(* If $\Phi\in\bar\nabla_2$, then there exists $\theta\in(0,1)$ such that the function $t\mapsto\Phi(t^\theta)$ belongs to $\bar\nabla_2$.
   Context: $\bar{\mathcal{P}}$ is the set of all increasing (nondecreasing) $\Phi:[0,\infty]\to[0,\infty]$ such that, with $a(\Phi)=\sup\{t\ge0:\Phi(t)=0\}$ and $b(\Phi)=\inf\{t\ge0:\Phi(t)=\infty\}$ ($\sup\emptyset=0$, $\inf\emptyset=\infty$): $0\le a(\Phi)<\infty$, $0<b(\Phi)\le\infty$; $\lim_{t\to0+}\Phi(t)=\Phi(0)=0$; $\Phi$ is left continuous on $[0,b(\Phi))$; if $b(\Phi)=\infty$ then $\lim_{t\to\infty}\Phi(t)=\Phi(\infty)=\infty$; if $b(\Phi)<\infty$ then $\lim_{t\to b(\Phi)-0}\Phi(t)=\Phi(b(\Phi))$. $\bar\nabla_2$ is the set of $\Phi\in\bar{\mathcal{P}}$ for which there is a constant $k>1$ with $\Phi(t)\le\frac1{2k}\Phi(kt)$ for all $t>0$. *)

theory Defs
  imports "HOL-Analysis.Analysis"
begin

definition a_of :: "(ennreal \<Rightarrow> ennreal) \<Rightarrow> ennreal" where
  "a_of \<Phi> = Sup {t. \<Phi> t = 0}"

definition b_of :: "(ennreal \<Rightarrow> ennreal) \<Rightarrow> ennreal" where
  "b_of \<Phi> = Inf {t. \<Phi> t = \<infinity>}"

definition Pbar :: "(ennreal \<Rightarrow> ennreal) set" where
  "Pbar = {\<Phi>. mono \<Phi>
      \<and> a_of \<Phi> < \<infinity> \<and> 0 < b_of \<Phi>
      \<and> \<Phi> 0 = 0 \<and> (\<Phi> \<longlongrightarrow> 0) (at_right 0)
      \<and> (\<forall>t. 0 < t \<and> t < b_of \<Phi> \<longrightarrow> (\<Phi> \<longlongrightarrow> \<Phi> t) (at_left t))
      \<and> (b_of \<Phi> = \<infinity> \<longrightarrow> (\<Phi> \<longlongrightarrow> \<infinity>) (at_left \<infinity>) \<and> \<Phi> \<infinity> = \<infinity>)
      \<and> (b_of \<Phi> < \<infinity> \<longrightarrow> (\<Phi> \<longlongrightarrow> \<Phi> (b_of \<Phi>)) (at_left (b_of \<Phi>)))}"

definition Nabla2bar :: "(ennreal \<Rightarrow> ennreal) set" where
  "Nabla2bar = {\<Phi> \<in> Pbar. \<exists>k::real. k > 1 \<and>
      (\<forall>t. t > 0 \<longrightarrow> \<Phi> t \<le> \<Phi> (ennreal k * t) / (2 * ennreal k))}"

definition epowr :: "ennreal \<Rightarrow> real \<Rightarrow> ennreal" where
  "epowr t \<theta> = (if t = \<infinity> then \<infinity> else ennreal (enn2real t powr \<theta>))"

end

theory Submission imports Defs begin

text \<open>Two applications of the \<open>\<nabla>\<^sub>2\<close>-condition with constant \<open>k\<close> give
  \<open>\<Phi> t \<le> \<Phi> (k\<^sup>2 t) / (2K)\<close> for \<open>K = 2k\<^sup>2\<close>. Choosing \<open>\<theta> = log\<^sub>K (k\<^sup>2) \<in> (0,1)\<close> makes
  \<open>(K t)\<^sup>\<theta> = k\<^sup>2 t\<^sup>\<theta>\<close>, so \<open>t \<mapsto> \<Phi> (t\<^sup>\<theta>)\<close> satisfies the \<open>\<nabla>\<^sub>2\<close>-condition with constant \<open>K\<close>.
  Membership in \<open>Pbar\<close> survives the substitution because \<open>t \<mapsto> t\<^sup>\<theta>\<close> is an order
  automorphism of \<open>[0,\<infinity>]\<close>.\<close>

lemma strict_mono_surj_bot:
  fixes g :: "'a::{linorder,order_bot} \<Rightarrow> 'b::{linorder,order_bot}"
  assumes "strict_mono g" "surj g"
  shows "g bot = bot"
proof -
  obtain x where "g x = bot" using \<open>surj g\<close> by (metis surjD)
  moreover have "g bot \<le> g x" using \<open>strict_mono g\<close> by (simp add: strict_mono_less_eq)
  ultimately show ?thesis by (simp add: bot_unique)
qed

lemma strict_mono_surj_top:
  fixes g :: "'a::{linorder,order_top} \<Rightarrow> 'b::{linorder,order_top}"
  assumes "strict_mono g" "surj g"
  shows "g top = top"
proof -
  obtain x where "g x = top" using \<open>surj g\<close> by (metis surjD)
  moreover have "g x \<le> g top" using \<open>strict_mono g\<close> by (simp add: strict_mono_less_eq)
  ultimately show ?thesis by (simp add: top_unique)
qed

lemma strict_mono_surj_Inf_image:
  fixes g :: "'a::complete_linorder \<Rightarrow> 'b::complete_linorder"
  assumes g: "strict_mono g" "surj g"
  shows "g (Inf A) = Inf (g ` A)"
proof (rule antisym)
  show "g (Inf A) \<le> Inf (g ` A)"
    using g(1) by (intro INF_greatest) (simp add: strict_mono_less_eq Inf_lower)
  obtain x where x: "g x = Inf (g ` A)" using \<open>surj g\<close> by (metis surjD)
  have "x \<le> Inf A"
  proof (rule Inf_greatest)
    fix a assume "a \<in> A"
    then have "g x \<le> g a" unfolding x by (rule INF_lower)
    then show "x \<le> a" using g(1) by (simp add: strict_mono_less_eq)
  qed
  then have "g x \<le> g (Inf A)" using g(1) by (simp add: strict_mono_less_eq)
  then show "Inf (g ` A) \<le> g (Inf A)" unfolding x .
qed

lemma strict_mono_surj_Sup_image:
  fixes g :: "'a::complete_linorder \<Rightarrow> 'b::complete_linorder"
  assumes g: "strict_mono g" "surj g"
  shows "g (Sup A) = Sup (g ` A)"
proof (rule antisym)
  show "Sup (g ` A) \<le> g (Sup A)"
    using g(1) by (intro SUP_least) (simp add: strict_mono_less_eq Sup_upper)
  obtain x where x: "g x = Sup (g ` A)" using \<open>surj g\<close> by (metis surjD)
  have "Sup A \<le> x"
  proof (rule Sup_least)
    fix a assume "a \<in> A"
    then have "g a \<le> g x" unfolding x by (rule SUP_upper)
    then show "a \<le> x" using g(1) by (simp add: strict_mono_less_eq)
  qed
  then have "g (Sup A) \<le> g x" using g(1) by (simp add: strict_mono_less_eq)
  then show "g (Sup A) \<le> Sup (g ` A)" unfolding x .
qed

lemma strict_mono_surj_filterlim_at_left:
  fixes g :: "'a::linorder_topology \<Rightarrow> 'b::linorder_topology"
  assumes g: "strict_mono g" "surj g" and "y < x"
  shows "filterlim g (at_left (g x)) (at_left x)"
  unfolding filterlim_def le_filter_def eventually_filtermap
proof (intro allI impI)
  fix P assume "eventually P (at_left (g x))"
  then obtain b where b: "b < g x" "\<forall>z>b. z < g x \<longrightarrow> P z"
    using eventually_at_left[of "g y" "g x"] \<open>y < x\<close> g by (auto simp: strict_mono_less)
  obtain c where "b = g c" using \<open>surj g\<close> by (metis surjD)
  with b g have "c < x" "\<forall>z>c. z < x \<longrightarrow> P (g z)" by (auto simp: strict_mono_less)
  then show "eventually (\<lambda>z. P (g z)) (at_left x)"
    using eventually_at_left[OF \<open>y < x\<close>] by auto
qed

lemma strict_mono_surj_filterlim_at_right:
  fixes g :: "'a::linorder_topology \<Rightarrow> 'b::linorder_topology"
  assumes g: "strict_mono g" "surj g" and "x < y"
  shows "filterlim g (at_right (g x)) (at_right x)"
  unfolding filterlim_def le_filter_def eventually_filtermap
proof (intro allI impI)
  fix P assume "eventually P (at_right (g x))"
  then obtain b where b: "g x < b" "\<forall>z>g x. z < b \<longrightarrow> P z"
    using eventually_at_right[of "g x" "g y"] \<open>x < y\<close> g by (auto simp: strict_mono_less)
  obtain c where "b = g c" using \<open>surj g\<close> by (metis surjD)
  with b g have "x < c" "\<forall>z>x. z < c \<longrightarrow> P (g z)" by (auto simp: strict_mono_less)
  then show "eventually (\<lambda>z. P (g z)) (at_right x)"
    using eventually_at_right[OF \<open>x < y\<close>] by auto
qed

lemma Pbar_comp_strict_mono_surj:
  fixes g :: "ennreal \<Rightarrow> ennreal"
  assumes g: "strict_mono g" "surj g" and "\<Phi> \<in> Pbar"
  shows "(\<lambda>t. \<Phi> (g t)) \<in> Pbar"
proof -
  have mono: "mono \<Phi>" and a: "a_of \<Phi> < \<infinity>" and b: "0 < b_of \<Phi>" and "\<Phi> 0 = 0"
    and lim0: "(\<Phi> \<longlongrightarrow> 0) (at_right 0)"
    and lc: "\<And>t. 0 < t \<Longrightarrow> t < b_of \<Phi> \<Longrightarrow> (\<Phi> \<longlongrightarrow> \<Phi> t) (at_left t)"
    and b_top: "b_of \<Phi> = \<infinity> \<Longrightarrow> (\<Phi> \<longlongrightarrow> \<infinity>) (at_left \<infinity>) \<and> \<Phi> \<infinity> = \<infinity>"
    and b_fin: "b_of \<Phi> < \<infinity> \<Longrightarrow> (\<Phi> \<longlongrightarrow> \<Phi> (b_of \<Phi>)) (at_left (b_of \<Phi>))"
    using \<open>\<Phi> \<in> Pbar\<close> unfolding Pbar_def by auto
  let ?\<Psi> = "\<lambda>t. \<Phi> (g t)"
  have less: "g x < g y \<longleftrightarrow> x < y" and le: "g x \<le> g y \<longleftrightarrow> x \<le> y" for x y
    using g(1) by (simp_all add: strict_mono_less strict_mono_less_eq)
  have g0: "g 0 = 0" and g_top: "g \<infinity> = \<infinity>"
    using strict_mono_surj_bot[OF g] strict_mono_surj_top[OF g] by (simp_all add: bot_ennreal)
  have preimage: "g ` {t. g t \<in> S} = S" for S
    using \<open>surj g\<close> by (auto simp: image_iff surj_def)
  have ga: "g (a_of ?\<Psi>) = a_of \<Phi>"
    unfolding a_of_def using preimage[of "{t. \<Phi> t = 0}"] strict_mono_surj_Sup_image[OF g] by simp
  have gb: "g (b_of ?\<Psi>) = b_of \<Phi>"
    unfolding b_of_def using preimage[of "{t. \<Phi> t = \<infinity>}"] strict_mono_surj_Inf_image[OF g] by simp
  have "0 < b_of ?\<Psi>" using b gb g0 less by metis
  have left: "(?\<Psi> \<longlongrightarrow> \<Phi> (g t)) (at_left t)"
    if "(\<Phi> \<longlongrightarrow> \<Phi> (g t)) (at_left (g t))" "0 < t" for t
    using filterlim_compose[OF that(1) strict_mono_surj_filterlim_at_left[OF g \<open>0 < t\<close>]] .
  have "mono ?\<Psi>" using mono le by (simp add: mono_def)
  moreover have "a_of ?\<Psi> < \<infinity>" using a ga g_top less by metis
  moreover have "(?\<Psi> \<longlongrightarrow> 0) (at_right 0)"
    using filterlim_compose[OF _ strict_mono_surj_filterlim_at_right[OF g zero_less_one]] lim0 g0
    by simp
  moreover have "(?\<Psi> \<longlongrightarrow> ?\<Psi> t) (at_left t)" if "0 < t" "t < b_of ?\<Psi>" for t
    using that lc[of "g t"] left g0 gb less by metis
  moreover have "(?\<Psi> \<longlongrightarrow> \<infinity>) (at_left \<infinity>) \<and> ?\<Psi> \<infinity> = \<infinity>" if "b_of ?\<Psi> = \<infinity>"
    using that b_top left[of \<infinity>] gb g_top by auto
  moreover have "(?\<Psi> \<longlongrightarrow> ?\<Psi> (b_of ?\<Psi>)) (at_left (b_of ?\<Psi>))" if "b_of ?\<Psi> < \<infinity>"
    using that b_fin left \<open>0 < b_of ?\<Psi>\<close> gb g_top less by metis
  ultimately show ?thesis
    using \<open>0 < b_of ?\<Psi>\<close> \<open>\<Phi> 0 = 0\<close> g0 unfolding Pbar_def by auto
qed

lemma strict_mono_epowr:
  assumes "0 < \<theta>"
  shows "strict_mono (\<lambda>t. epowr t \<theta>)"
proof (rule strict_monoI)
  fix x y :: ennreal
  assume "x < y"
  then have "x \<noteq> \<infinity>" by auto
  show "epowr x \<theta> < epowr y \<theta>"
  proof (cases "y = \<infinity>")
    case True
    with \<open>x \<noteq> \<infinity>\<close> show ?thesis by (simp add: epowr_def)
  next
    case False
    with \<open>x < y\<close> have "enn2real x < enn2real y"
      by (simp add: enn2real_less_iff top.not_eq_extremum)
    then have "enn2real x powr \<theta> < enn2real y powr \<theta>"
      using \<open>0 < \<theta>\<close> by (intro powr_less_mono2) auto
    with False \<open>x \<noteq> \<infinity>\<close> show ?thesis by (simp add: epowr_def ennreal_less_iff)
  qed
qed

lemma surj_epowr:
  assumes "0 < \<theta>"
  shows "surj (\<lambda>t. epowr t \<theta>)"
proof (rule surjI)
  fix s
  show "epowr (if s = \<infinity> then \<infinity> else ennreal (enn2real s powr (1 / \<theta>))) \<theta> = s"
    using \<open>0 < \<theta>\<close> by (simp add: epowr_def powr_powr ennreal_enn2real_if)
qed

lemma epowr_mult_ennreal:
  assumes "0 < \<theta>" "0 < K"
  shows "epowr (ennreal K * t) \<theta> = ennreal (K powr \<theta>) * epowr t \<theta>"
proof (cases "t = \<infinity>")
  case True
  with assms show ?thesis by (simp add: epowr_def ennreal_mult_top)
next
  case False
  with assms show ?thesis
    by (simp add: epowr_def ennreal_mult_eq_top_iff enn2real_mult powr_mult ennreal_mult)
qed

lemma Nabla2_condition_iterate:
  fixes \<Phi> :: "ennreal \<Rightarrow> ennreal"
  assumes "0 < k" and doubling: "\<And>t. 0 < t \<Longrightarrow> \<Phi> t \<le> \<Phi> (ennreal k * t) / (2 * ennreal k)"
    and "0 < t"
  shows "\<Phi> t \<le> \<Phi> (ennreal k ^ n * t) / (2 * ennreal k) ^ n"
proof (induction n)
  case 0
  show ?case by (simp add: divide_ennreal_def)
next
  case (Suc n)
  have "0 < ennreal k ^ n * t"
    using \<open>0 < k\<close> \<open>0 < t\<close> by (simp add: ennreal_zero_less_mult_iff ennreal_power)
  note Suc.IH
  also have "\<Phi> (ennreal k ^ n * t) / (2 * ennreal k) ^ n
      \<le> \<Phi> (ennreal k * (ennreal k ^ n * t)) / (2 * ennreal k) / (2 * ennreal k) ^ n"
    using \<open>0 < ennreal k ^ n * t\<close> by (intro divide_right_mono_ennreal doubling)
  also have "\<dots> = \<Phi> (ennreal k ^ Suc n * t) / (2 * ennreal k) ^ Suc n"
    using \<open>0 < k\<close>
    by (simp add: divide_ennreal_def ennreal_inverse_mult' mult.assoc ennreal_zero_less_mult_iff)
  finally show ?case .
qed

theorem lemma4p5:
  fixes \<Phi> :: "ennreal \<Rightarrow> ennreal"
  assumes "\<Phi> \<in> Nabla2bar"
  shows "\<exists>\<theta>::real. 0 < \<theta> \<and> \<theta> < 1 \<and> (\<lambda>t. \<Phi> (epowr t \<theta>)) \<in> Nabla2bar"
proof -
  obtain k :: real where "\<Phi> \<in> Pbar" "1 < k"
    and doubling: "\<And>t. 0 < t \<Longrightarrow> \<Phi> t \<le> \<Phi> (ennreal k * t) / (2 * ennreal k)"
    using assms unfolding Nabla2bar_def by auto
  define K where "K = 2 * k\<^sup>2"
  define \<theta> where "\<theta> = log K (k\<^sup>2)"
  have "1 < k\<^sup>2" using \<open>1 < k\<close> by (simp add: one_less_power)
  then have "1 < K" "k\<^sup>2 < K" unfolding K_def by auto
  then have "0 < \<theta>" "\<theta> < 1" "K powr \<theta> = k\<^sup>2"
    using \<open>1 < k\<^sup>2\<close> less_trans[OF zero_less_one \<open>1 < k\<^sup>2\<close>] unfolding \<theta>_def by simp_all
  have "(\<lambda>t. \<Phi> (epowr t \<theta>)) \<in> Pbar"
    using Pbar_comp_strict_mono_surj strict_mono_epowr surj_epowr \<open>\<Phi> \<in> Pbar\<close> \<open>0 < \<theta>\<close> by blast
  moreover have "\<Phi> (epowr t \<theta>) \<le> \<Phi> (epowr (ennreal K * t) \<theta>) / (2 * ennreal K)" if "0 < t" for t
  proof -
    have "epowr 0 \<theta> < epowr t \<theta>"
      using strict_monoD[OF strict_mono_epowr[OF \<open>0 < \<theta>\<close>] \<open>0 < t\<close>] by simp
    then have "0 < epowr t \<theta>" by (simp add: epowr_def)
    moreover have "epowr (ennreal K * t) \<theta> = ennreal k ^ 2 * epowr t \<theta>"
      using epowr_mult_ennreal[OF \<open>0 < \<theta>\<close>] \<open>1 < K\<close> \<open>K powr \<theta> = k\<^sup>2\<close> \<open>1 < k\<close> by (simp add: ennreal_power)
    moreover have "2 * ennreal K = (2 * ennreal k) ^ 2"
      using \<open>1 < k\<close> unfolding K_def by (simp add: power_mult_distrib ennreal_power ennreal_mult)
    ultimately show ?thesis
      using Nabla2_condition_iterate[of k \<Phi> "epowr t \<theta>" 2] \<open>1 < k\<close> doubling by simp
  qed
  ultimately show ?thesis
    using \<open>0 < \<theta>\<close> \<open>\<theta> < 1\<close> \<open>1 < K\<close> unfolding Nabla2bar_def by auto
qed

end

==============================

• [How to complete this task]: Could you copy each line from the listing that has the word "else" in it?

• [Answer section]:
  "epowr t \<theta> = (if t = \<infinity> then \<infinity> else ennreal (enn2real t powr \<theta>))"
  show "epowr (if s = \<infinity> then \<infinity> else ennreal (enn2real s powr (1 / \<theta>))) \<theta> = s"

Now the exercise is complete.